When doing your time management, you need to identify time thieves.
These are the most common time thieves:
- Emails:
- This is the biggest time thief of them all and in almost every survey on time thieves comes out in one of the two top spots.
- Consider doing the following:
- Switch off notifications which announce that emails have arrived.
- Set fixed times for reading and attending to emails during your day.
- Organise your emails into folders and keep filing systems.
- Telephone interruptions:
- As with any other interruption, a phone call takes your focus away from the task at hand, possibly prompting you to first take other (unplanned) actions, and by the time you have re-focussed and picked up where you last left off when the phone rang, 15min or more have passed.
- Try the following:
- Landline calls:
- Have fixed times when you take calls, preferably the last 15 to 30 min ahead of lunch or close of business. This is often the time when people are short and concise.

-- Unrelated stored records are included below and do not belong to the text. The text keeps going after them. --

(* Let $\mathcal{F}$ be a family of finite lattices (considered up to isomorphism) that is closed under vertical sum and contains the singleton lattice. Let $f(n)$ and $f_{\mathrm{vi}}(n)$ be the numbers of $n$-element lattices and $n$-element vertically indecomposable lattices in $\mathcal{F}$, respectively. Let $N \ge 2$ be an integer, and let $\underline{f} \colon \mathbb{N}^+ \to \mathbb{N}^+$ be the sequence defined by $\underline{f}(1)=1$, \[ \underline{f}(n) = \sum_{k=2}^n f_{\mathrm{vi}}(k)\, \underline{f}(n-k+1) \quad \text{for } n=2,3,\ldots,N, \] and \[ \underline{f}(n) = \sum_{k=2}^N f_{\mathrm{vi}}(k)\, \underline{f}(n-k+1) \quad \text{for } n \ge N+1. \] Then $f(n) \ge \underline{f}(n)$ for all $n \ge 1$. Furthermore, the infinite sequence $\underline{f}$ is determined by $f_{\mathrm{vi}}(1), f_{\mathrm{vi}}(2), \ldots, f_{\mathrm{vi}}(N)$ through a homogeneous linear recurrence relation of order $N-1$ with constant coefficients.
   Context: All lattices are finite, nonempty and unlabeled. The vertical sum $L+U$ of lattices $L$ and $U$ is obtained by identifying the top element of $L$ with the bottom element of $U$. A knot of a lattice $X$ is an element distinct from the top and bottom of $X$ that is comparable to every element of $X$; a lattice is vertically indecomposable if it has no knot. By convention the singleton lattice is counted as vertically indecomposable. *)

theory Defs
  imports Main
begin

type_synonym 'a ord_str = "'a set \<times> ('a \<times> 'a) set"

definition is_lub :: "'a ord_str \<Rightarrow> 'a \<Rightarrow> 'a \<Rightarrow> 'a \<Rightarrow> bool" where
  "is_lub L x y z \<longleftrightarrow> z \<in> fst L \<and> (x, z) \<in> snd L \<and> (y, z) \<in> snd L \<and>
     (\<forall>w\<in>fst L. (x, w) \<in> snd L \<and> (y, w) \<in> snd L \<longrightarrow> (z, w) \<in> snd L)"

definition is_glb :: "'a ord_str \<Rightarrow> 'a \<Rightarrow> 'a \<Rightarrow> 'a \<Rightarrow> bool" where
  "is_glb L x y z \<longleftrightarrow> z \<in> fst L \<and> (z, x) \<in> snd L \<and> (z, y) \<in> snd L \<and>
     (\<forall>w\<in>fst L. (w, x) \<in> snd L \<and> (w, y) \<in> snd L \<longrightarrow> (w, z) \<in> snd L)"

definition fin_lattice :: "'a ord_str \<Rightarrow> bool" where
  "fin_lattice L \<longleftrightarrow> finite (fst L) \<and> fst L \<noteq> {} \<and>
     snd L \<subseteq> fst L \<times> fst L \<and> partial_order_on (fst L) (snd L) \<and>
     (\<forall>x\<in>fst L. \<forall>y\<in>fst L. (\<exists>z. is_lub L x y z) \<and> (\<exists>z. is_glb L x y z))"

definition lat_iso :: "'a ord_str \<Rightarrow> 'b ord_str \<Rightarrow> bool" where
  "lat_iso L M \<longleftrightarrow> (\<exists>h. bij_betw h (fst L) (fst M) \<and>
     (\<forall>x\<in>fst L. \<forall>y\<in>fst L. (x, y) \<in> snd L \<longleftrightarrow> (h x, h y) \<in> snd M))"

definition lbot :: "'a ord_str \<Rightarrow> 'a" where
  "lbot L = (THE b. b \<in> fst L \<and> (\<forall>y\<in>fst L. (b, y) \<in> snd L))"

definition ltop :: "'a ord_str \<Rightarrow> 'a" where
  "ltop L = (THE t. t \<in> fst L \<and> (\<forall>y\<in>fst L. (y, t) \<in> snd L))"

text \<open>Vertical sum L + U: the top of L is identified with the bottom of U
  (we keep the top of L, represented as Inl, and drop the bottom of U).\<close>
definition vsum :: "'a ord_str \<Rightarrow> 'b ord_str \<Rightarrow> ('a + 'b) ord_str" where
  "vsum L U =
    (Inl ` fst L \<union> Inr ` (fst U - {lbot U}),
     {(Inl x, Inl y) | x y. (x, y) \<in> snd L} \<union>
     {(Inr x, Inr y) | x y. (x, y) \<in> snd U \<and> x \<noteq> lbot U \<and> y \<noteq> lbot U} \<union>
     {(Inl x, Inr y) | x y. x \<in> fst L \<and> y \<in> fst U - {lbot U}})"

definition is_knot :: "'a ord_str \<Rightarrow> 'a \<Rightarrow> bool" where
  "is_knot L c \<longleftrightarrow> c \<in> fst L \<and> c \<noteq> ltop L \<and> c \<noteq> lbot L \<and>
     (\<forall>x\<in>fst L. (c, x) \<in> snd L \<or> (x, c) \<in> snd L)"

definition vert_indec :: "'a ord_str \<Rightarrow> bool" where
  "vert_indec L \<longleftrightarrow> \<not> (\<exists>c. is_knot L c)"

definition count_classes :: "'a ord_str set \<Rightarrow> ('a ord_str \<Rightarrow> bool) \<Rightarrow> nat \<Rightarrow> nat" where
  "count_classes F P n =
     card ((\<lambda>L. {M \<in> F. lat_iso L M}) ` {L \<in> F. card (fst L) = n \<and> P L})"

definition fcount :: "'a ord_str set \<Rightarrow> nat \<Rightarrow> nat" where
  "fcount F n = count_classes F (\<lambda>_. True) n"

definition fvi :: "'a ord_str set \<Rightarrow> nat \<Rightarrow> nat" where
  "fvi F n = count_classes F vert_indec n"

text \<open>Hypotheses on the family: it consists of finite lattices (on the infinite
  carrier type nat, so every finite lattice has copies), is closed under
  isomorphism (a family of isomorphism classes), contains the singleton lattice,
  and is closed under vertical sum.\<close>
definition vsum_closed_family :: "nat ord_str set \<Rightarrow> bool" where
  "vsum_closed_family F \<longleftrightarrow>
     (\<forall>L\<in>F. fin_lattice L) \<and>
     (\<forall>L\<in>F. \<forall>M. fin_lattice M \<and> lat_iso L M \<longrightarrow> M \<in> F) \<and>
     (\<exists>L\<in>F. card (fst L) = 1) \<and>
     (\<forall>L\<in>F. \<forall>U\<in>F. \<forall>X. fin_lattice X \<and> lat_iso X (vsum L U) \<longrightarrow> X \<in> F)"

end

theory Submission
  imports Defs "HOL-Library.Nat_Bijection"
begin

text \<open>If V is vertically indecomposable with at least two elements, the top of V is the
  lowest element of V + R, apart from the bottom, that is comparable to everything. An
  isomorphism must preserve it, so V + R determines V and R up to isomorphism. Hence the
  pairs (class of V with k elements, class of R with n - k + 1 elements) inject into the
  n-element classes of the family, giving f(n) \<ge> \<Sum>k. f_vi(k) f(n - k + 1).
  The lower sequence satisfies the reverse inequality, with some terms dropped when n > N,
  so induction on n gives f(n) \<ge> fl(n). The recurrence of order N - 1 is the defining
  equation for n \<ge> N, reindexed.\<close>

section \<open>Finite lattices\<close>

lemma partial_order_on_iff_bounded:
  assumes "r \<subseteq> A \<times> A"
  shows "partial_order_on A r \<longleftrightarrow> refl_on A r \<and> antisym_on A r \<and> trans_on A r"
  using assms unfolding partial_order_on_def preorder_on_def antisym_on_def trans_on_def by blast

lemma fin_latticeD:
  assumes "fin_lattice L"
  shows fin_lattice_finite: "finite (fst L)"
    and fin_lattice_nonempty: "fst L \<noteq> {}"
    and fin_lattice_rel_subset: "snd L \<subseteq> fst L \<times> fst L"
    and fin_lattice_refl: "\<And>x. x \<in> fst L \<Longrightarrow> (x, x) \<in> snd L"
    and fin_lattice_antisym: "\<And>x y. (x, y) \<in> snd L \<Longrightarrow> (y, x) \<in> snd L \<Longrightarrow> x = y"
    and fin_lattice_trans: "\<And>x y z. (x, y) \<in> snd L \<Longrightarrow> (y, z) \<in> snd L \<Longrightarrow> (x, z) \<in> snd L"
    and fin_lattice_has_lub: "\<And>x y. x \<in> fst L \<Longrightarrow> y \<in> fst L \<Longrightarrow> \<exists>z. is_lub L x y z"
    and fin_lattice_has_glb: "\<And>x y. x \<in> fst L \<Longrightarrow> y \<in> fst L \<Longrightarrow> \<exists>z. is_glb L x y z"
  using assms unfolding fin_lattice_def partial_order_on_def preorder_on_def refl_on_def
    antisym_on_def trans_on_def by blast+

lemma fin_lattice_has_lower_bound:
  assumes L: "fin_lattice L" and S: "finite S" "S \<noteq> {}" "S \<subseteq> fst L"
  shows "\<exists>b\<in>fst L. \<forall>y\<in>S. (b, y) \<in> snd L"
  using S
proof (induction S rule: finite_ne_induct)
  case (singleton x)
  then show ?case using fin_lattice_refl[OF L] by auto
next
  case (insert x S)
  then obtain b where b: "b \<in> fst L" "\<forall>y\<in>S. (b, y) \<in> snd L" by auto
  obtain z where "is_glb L x b z" using fin_lattice_has_glb[OF L, of x b] insert b by auto
  then show ?case using b fin_lattice_trans[OF L] unfolding is_glb_def by blast
qed

lemma fin_lattice_has_upper_bound:
  assumes L: "fin_lattice L" and S: "finite S" "S \<noteq> {}" "S \<subseteq> fst L"
  shows "\<exists>t\<in>fst L. \<forall>y\<in>S. (y, t) \<in> snd L"
  using S
proof (induction S rule: finite_ne_induct)
  case (singleton x)
  then show ?case using fin_lattice_refl[OF L] by auto
next
  case (insert x S)
  then obtain t where t: "t \<in> fst L" "\<forall>y\<in>S. (y, t) \<in> snd L" by auto
  obtain z where "is_lub L x t z" using fin_lattice_has_lub[OF L, of x t] insert t by auto
  then show ?case using t fin_lattice_trans[OF L] unfolding is_lub_def by blast
qed

lemma lbot_least:
  assumes L: "fin_lattice L"
  shows lbot_mem: "lbot L \<in> fst L" and lbot_le: "\<And>y. y \<in> fst L \<Longrightarrow> (lbot L, y) \<in> snd L"
proof -
  obtain b where b: "b \<in> fst L" "\<forall>y\<in>fst L. (b, y) \<in> snd L"
    using fin_lattice_has_lower_bound[OF L fin_lattice_finite[OF L] fin_lattice_nonempty[OF L]] by blast
  have "lbot L = b" unfolding lbot_def
    by (rule the_equality) (use b fin_lattice_antisym[OF L] in blast)+
  then show "lbot L \<in> fst L" "\<And>y. y \<in> fst L \<Longrightarrow> (lbot L, y) \<in> snd L" using b by auto
qed

lemma ltop_greatest:
  assumes L: "fin_lattice L"
  shows ltop_mem: "ltop L \<in> fst L" and le_ltop: "\<And>y. y \<in> fst L \<Longrightarrow> (y, ltop L) \<in> snd L"
proof -
  obtain t where t: "t \<in> fst L" "\<forall>y\<in>fst L. (y, t) \<in> snd L"
    using fin_lattice_has_upper_bound[OF L fin_lattice_finite[OF L] fin_lattice_nonempty[OF L]] by blast
  have "ltop L = t" unfolding ltop_def
    by (rule the_equality) (use t fin_lattice_antisym[OF L] in blast)+
  then show "ltop L \<in> fst L" "\<And>y. y \<in> fst L \<Longrightarrow> (y, ltop L) \<in> snd L" using t by auto
qed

- Train your receptionist to screen incoming calls.
- Give the receptionist a short list of VIP clients that may be put through.
- Make a point of answering all messages within one working day; you may lose clients if you create the perception that you are totally unreachable and not responding to messages. Phone back even if it is only to advise that you have received the message and that you will come back with the relevant information.
- Never start a conversation with “How are you”. You are inviting the other party to grab your time coins. Rather start with “What can I do for you today”.
- Stay on topic, if the conversation starts drifting, gently steer the conversation back to the reason of the call.
- Mobile phones:
- Don’t give your personal phone number to anyone other than very close, trusted people who know when to phone you.
- When you don’t want to receive a call, switch your mobile phone off or make use of the forwarding function.
- Don’t answer calls of numbers you do not know.
- Landline calls:
- Poorly run meetings:
- Meetings which are not properly controlled or chaired can run for many hours, with different things being said and no decisions taken.
- Try to arrange meetings by planning in consideration of lunchtime. People will push to address issues in order to finalise things to be able to take their lunch.
- Send out the agenda at least 3 days ahead of the meeting.
- Start on time and don’t wait for late arrivals.